== Segment start ==

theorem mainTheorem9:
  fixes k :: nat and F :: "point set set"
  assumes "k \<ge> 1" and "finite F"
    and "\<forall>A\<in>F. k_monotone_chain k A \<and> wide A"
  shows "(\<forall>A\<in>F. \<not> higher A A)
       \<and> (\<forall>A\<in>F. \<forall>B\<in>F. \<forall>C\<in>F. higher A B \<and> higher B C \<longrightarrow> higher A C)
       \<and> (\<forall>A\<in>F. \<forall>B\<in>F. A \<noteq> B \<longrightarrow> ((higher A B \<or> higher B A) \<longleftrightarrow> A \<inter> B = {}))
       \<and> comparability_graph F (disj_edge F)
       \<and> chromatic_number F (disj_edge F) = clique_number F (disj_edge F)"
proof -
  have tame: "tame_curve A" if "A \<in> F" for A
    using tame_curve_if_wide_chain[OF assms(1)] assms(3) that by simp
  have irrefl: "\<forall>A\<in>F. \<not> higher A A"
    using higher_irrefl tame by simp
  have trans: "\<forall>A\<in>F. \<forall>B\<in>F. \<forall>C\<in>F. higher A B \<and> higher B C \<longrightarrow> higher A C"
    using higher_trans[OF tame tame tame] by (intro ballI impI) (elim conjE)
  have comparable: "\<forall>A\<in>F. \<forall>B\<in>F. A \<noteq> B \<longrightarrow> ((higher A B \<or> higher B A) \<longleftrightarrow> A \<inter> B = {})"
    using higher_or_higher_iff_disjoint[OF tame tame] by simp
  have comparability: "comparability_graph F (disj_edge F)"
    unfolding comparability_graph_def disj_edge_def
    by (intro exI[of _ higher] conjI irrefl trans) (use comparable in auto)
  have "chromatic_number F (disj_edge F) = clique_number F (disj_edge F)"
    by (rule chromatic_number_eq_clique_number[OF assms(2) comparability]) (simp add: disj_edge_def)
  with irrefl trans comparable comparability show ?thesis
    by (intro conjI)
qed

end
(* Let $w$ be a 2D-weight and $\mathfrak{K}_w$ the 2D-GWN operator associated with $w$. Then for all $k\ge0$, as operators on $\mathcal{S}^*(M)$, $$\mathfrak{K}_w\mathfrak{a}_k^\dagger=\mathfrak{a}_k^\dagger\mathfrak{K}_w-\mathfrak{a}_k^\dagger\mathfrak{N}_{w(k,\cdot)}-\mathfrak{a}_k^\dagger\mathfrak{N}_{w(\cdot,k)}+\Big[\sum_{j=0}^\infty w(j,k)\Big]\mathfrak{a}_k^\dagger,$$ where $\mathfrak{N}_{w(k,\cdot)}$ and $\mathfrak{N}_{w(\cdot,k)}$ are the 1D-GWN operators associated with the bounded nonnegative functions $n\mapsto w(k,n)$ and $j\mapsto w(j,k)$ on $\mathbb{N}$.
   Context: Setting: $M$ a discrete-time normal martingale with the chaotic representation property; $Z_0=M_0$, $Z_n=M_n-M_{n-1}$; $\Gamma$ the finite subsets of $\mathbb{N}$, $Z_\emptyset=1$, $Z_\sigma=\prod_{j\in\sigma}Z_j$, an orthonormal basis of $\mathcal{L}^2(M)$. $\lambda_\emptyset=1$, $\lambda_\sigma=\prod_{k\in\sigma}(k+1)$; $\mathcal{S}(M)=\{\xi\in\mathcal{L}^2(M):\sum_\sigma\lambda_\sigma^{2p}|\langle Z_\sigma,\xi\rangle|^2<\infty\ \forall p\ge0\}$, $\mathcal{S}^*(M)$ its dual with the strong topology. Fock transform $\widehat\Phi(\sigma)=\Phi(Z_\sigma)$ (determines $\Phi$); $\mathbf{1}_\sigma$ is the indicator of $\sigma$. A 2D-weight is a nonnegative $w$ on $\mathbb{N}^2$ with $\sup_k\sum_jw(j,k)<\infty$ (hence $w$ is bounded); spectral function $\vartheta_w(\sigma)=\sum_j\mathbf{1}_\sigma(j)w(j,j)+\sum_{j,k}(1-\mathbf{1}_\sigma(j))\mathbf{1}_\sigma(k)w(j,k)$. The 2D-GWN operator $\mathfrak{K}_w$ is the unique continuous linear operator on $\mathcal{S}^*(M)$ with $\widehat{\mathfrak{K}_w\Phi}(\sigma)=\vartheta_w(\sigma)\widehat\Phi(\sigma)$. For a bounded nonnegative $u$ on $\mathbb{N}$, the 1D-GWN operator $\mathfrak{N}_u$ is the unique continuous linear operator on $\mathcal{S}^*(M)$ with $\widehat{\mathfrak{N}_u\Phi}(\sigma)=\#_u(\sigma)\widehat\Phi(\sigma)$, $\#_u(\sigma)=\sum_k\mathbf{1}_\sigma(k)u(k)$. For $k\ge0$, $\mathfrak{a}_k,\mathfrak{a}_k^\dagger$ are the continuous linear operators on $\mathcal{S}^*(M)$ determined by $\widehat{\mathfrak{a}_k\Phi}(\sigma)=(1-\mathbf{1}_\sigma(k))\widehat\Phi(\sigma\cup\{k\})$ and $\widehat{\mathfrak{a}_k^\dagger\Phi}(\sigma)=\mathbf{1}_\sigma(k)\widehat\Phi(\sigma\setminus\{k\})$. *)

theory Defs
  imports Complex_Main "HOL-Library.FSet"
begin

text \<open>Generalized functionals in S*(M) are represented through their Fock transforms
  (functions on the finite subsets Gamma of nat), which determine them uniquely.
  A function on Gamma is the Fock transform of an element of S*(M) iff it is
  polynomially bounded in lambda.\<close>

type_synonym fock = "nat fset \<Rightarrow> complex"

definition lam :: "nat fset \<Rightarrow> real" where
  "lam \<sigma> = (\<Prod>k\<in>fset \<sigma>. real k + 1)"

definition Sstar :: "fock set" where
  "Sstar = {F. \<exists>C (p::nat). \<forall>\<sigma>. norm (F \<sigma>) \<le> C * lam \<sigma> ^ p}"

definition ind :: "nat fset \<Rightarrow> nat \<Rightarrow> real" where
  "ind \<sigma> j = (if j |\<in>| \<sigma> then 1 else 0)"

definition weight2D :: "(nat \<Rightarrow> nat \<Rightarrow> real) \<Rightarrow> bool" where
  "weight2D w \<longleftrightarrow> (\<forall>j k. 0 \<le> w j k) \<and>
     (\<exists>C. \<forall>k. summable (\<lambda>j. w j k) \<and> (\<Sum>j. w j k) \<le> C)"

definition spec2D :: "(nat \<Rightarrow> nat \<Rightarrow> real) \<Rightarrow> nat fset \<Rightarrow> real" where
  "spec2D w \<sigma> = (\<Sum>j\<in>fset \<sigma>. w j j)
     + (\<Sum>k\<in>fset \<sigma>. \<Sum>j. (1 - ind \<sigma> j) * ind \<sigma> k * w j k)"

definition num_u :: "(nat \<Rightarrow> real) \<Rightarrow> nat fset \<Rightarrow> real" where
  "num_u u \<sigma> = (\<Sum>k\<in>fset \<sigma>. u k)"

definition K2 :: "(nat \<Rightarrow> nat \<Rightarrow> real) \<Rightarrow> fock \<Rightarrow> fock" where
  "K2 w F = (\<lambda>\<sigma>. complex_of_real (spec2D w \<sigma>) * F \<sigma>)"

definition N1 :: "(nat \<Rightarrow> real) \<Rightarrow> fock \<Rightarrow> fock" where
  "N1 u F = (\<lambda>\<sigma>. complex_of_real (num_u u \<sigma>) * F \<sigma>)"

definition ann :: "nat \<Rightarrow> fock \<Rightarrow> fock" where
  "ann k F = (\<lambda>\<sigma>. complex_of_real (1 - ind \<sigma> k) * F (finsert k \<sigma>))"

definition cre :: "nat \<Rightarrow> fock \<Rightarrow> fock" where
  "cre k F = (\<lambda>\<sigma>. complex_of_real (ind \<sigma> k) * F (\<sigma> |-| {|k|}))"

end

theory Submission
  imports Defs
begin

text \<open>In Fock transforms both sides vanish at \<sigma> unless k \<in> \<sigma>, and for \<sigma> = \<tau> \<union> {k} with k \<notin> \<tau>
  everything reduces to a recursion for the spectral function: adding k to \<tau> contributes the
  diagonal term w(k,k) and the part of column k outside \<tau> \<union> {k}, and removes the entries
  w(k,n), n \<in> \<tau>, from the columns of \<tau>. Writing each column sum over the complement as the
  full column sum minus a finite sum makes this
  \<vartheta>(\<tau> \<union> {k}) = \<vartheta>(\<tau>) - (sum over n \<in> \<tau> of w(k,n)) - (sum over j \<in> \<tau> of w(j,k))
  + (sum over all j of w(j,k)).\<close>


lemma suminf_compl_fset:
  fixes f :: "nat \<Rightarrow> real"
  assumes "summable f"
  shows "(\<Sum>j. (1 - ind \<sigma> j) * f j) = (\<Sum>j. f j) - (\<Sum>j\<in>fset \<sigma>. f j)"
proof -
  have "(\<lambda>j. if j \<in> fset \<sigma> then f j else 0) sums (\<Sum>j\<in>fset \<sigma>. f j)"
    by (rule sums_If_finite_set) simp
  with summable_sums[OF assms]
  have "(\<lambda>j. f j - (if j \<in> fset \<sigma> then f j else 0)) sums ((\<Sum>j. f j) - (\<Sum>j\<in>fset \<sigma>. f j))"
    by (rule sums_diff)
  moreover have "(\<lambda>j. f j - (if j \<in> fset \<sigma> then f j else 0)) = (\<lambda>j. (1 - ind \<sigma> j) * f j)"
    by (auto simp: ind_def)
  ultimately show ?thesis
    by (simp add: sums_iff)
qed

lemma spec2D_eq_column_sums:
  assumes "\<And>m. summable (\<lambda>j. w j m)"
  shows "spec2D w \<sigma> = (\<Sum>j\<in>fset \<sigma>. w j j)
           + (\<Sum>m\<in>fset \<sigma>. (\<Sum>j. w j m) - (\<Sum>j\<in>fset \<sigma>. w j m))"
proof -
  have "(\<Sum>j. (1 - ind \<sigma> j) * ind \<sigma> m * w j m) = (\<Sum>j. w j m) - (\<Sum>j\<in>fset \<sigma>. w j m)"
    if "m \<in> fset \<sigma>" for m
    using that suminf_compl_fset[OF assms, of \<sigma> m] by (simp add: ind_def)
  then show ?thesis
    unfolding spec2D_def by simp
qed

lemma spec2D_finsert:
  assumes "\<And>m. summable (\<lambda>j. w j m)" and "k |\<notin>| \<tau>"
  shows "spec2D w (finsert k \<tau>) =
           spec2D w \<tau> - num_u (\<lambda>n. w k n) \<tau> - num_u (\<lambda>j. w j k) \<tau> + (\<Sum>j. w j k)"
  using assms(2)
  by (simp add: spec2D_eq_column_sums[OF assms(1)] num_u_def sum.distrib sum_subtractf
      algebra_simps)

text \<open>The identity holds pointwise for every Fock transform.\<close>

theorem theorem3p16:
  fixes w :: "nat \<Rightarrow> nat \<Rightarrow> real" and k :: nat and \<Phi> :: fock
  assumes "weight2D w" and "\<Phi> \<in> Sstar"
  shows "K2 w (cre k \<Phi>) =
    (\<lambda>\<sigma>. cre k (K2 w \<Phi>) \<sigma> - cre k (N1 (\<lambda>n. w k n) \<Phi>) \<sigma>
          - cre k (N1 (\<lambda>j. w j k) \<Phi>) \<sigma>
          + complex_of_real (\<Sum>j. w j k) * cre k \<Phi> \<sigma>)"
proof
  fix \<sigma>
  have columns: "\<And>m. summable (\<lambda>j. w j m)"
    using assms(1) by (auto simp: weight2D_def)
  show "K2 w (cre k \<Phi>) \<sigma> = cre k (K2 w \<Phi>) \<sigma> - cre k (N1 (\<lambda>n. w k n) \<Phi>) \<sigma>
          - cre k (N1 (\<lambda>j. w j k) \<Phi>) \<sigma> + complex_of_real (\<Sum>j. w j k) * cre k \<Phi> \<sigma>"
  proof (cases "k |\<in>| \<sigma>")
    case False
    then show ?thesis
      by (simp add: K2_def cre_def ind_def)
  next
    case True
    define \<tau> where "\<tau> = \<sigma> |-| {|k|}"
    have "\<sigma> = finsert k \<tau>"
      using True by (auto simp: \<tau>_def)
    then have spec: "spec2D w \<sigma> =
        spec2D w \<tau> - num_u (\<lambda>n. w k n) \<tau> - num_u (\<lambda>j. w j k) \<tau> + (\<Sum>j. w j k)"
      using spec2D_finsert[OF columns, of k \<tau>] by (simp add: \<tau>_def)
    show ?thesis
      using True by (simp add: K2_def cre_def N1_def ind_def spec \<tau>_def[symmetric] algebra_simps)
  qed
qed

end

== Segment end ==

**Task**
Every line from the top of the material through the line containing "(\<forall>A\<in>F. \<forall>B\<in>F. A" must be transcribed exactly, and no other line may appear.

**Written solution**
theorem mainTheorem9:
  fixes k :: nat and F :: "point set set"
  assumes "k \<ge> 1" and "finite F"
    and "\<forall>A\<in>F. k_monotone_chain k A \<and> wide A"
  shows "(\<forall>A\<in>F. \<not> higher A A)
       \<and> (\<forall>A\<in>F. \<forall>B\<in>F. \<forall>C\<in>F. higher A B \<and> higher B C \<longrightarrow> higher A C)
       \<and> (\<forall>A\<in>F. \<forall>B\<in>F. A \<noteq> B \<longrightarrow> ((higher A B \<or> higher B A) \<longleftrightarrow> A \<inter> B = {}))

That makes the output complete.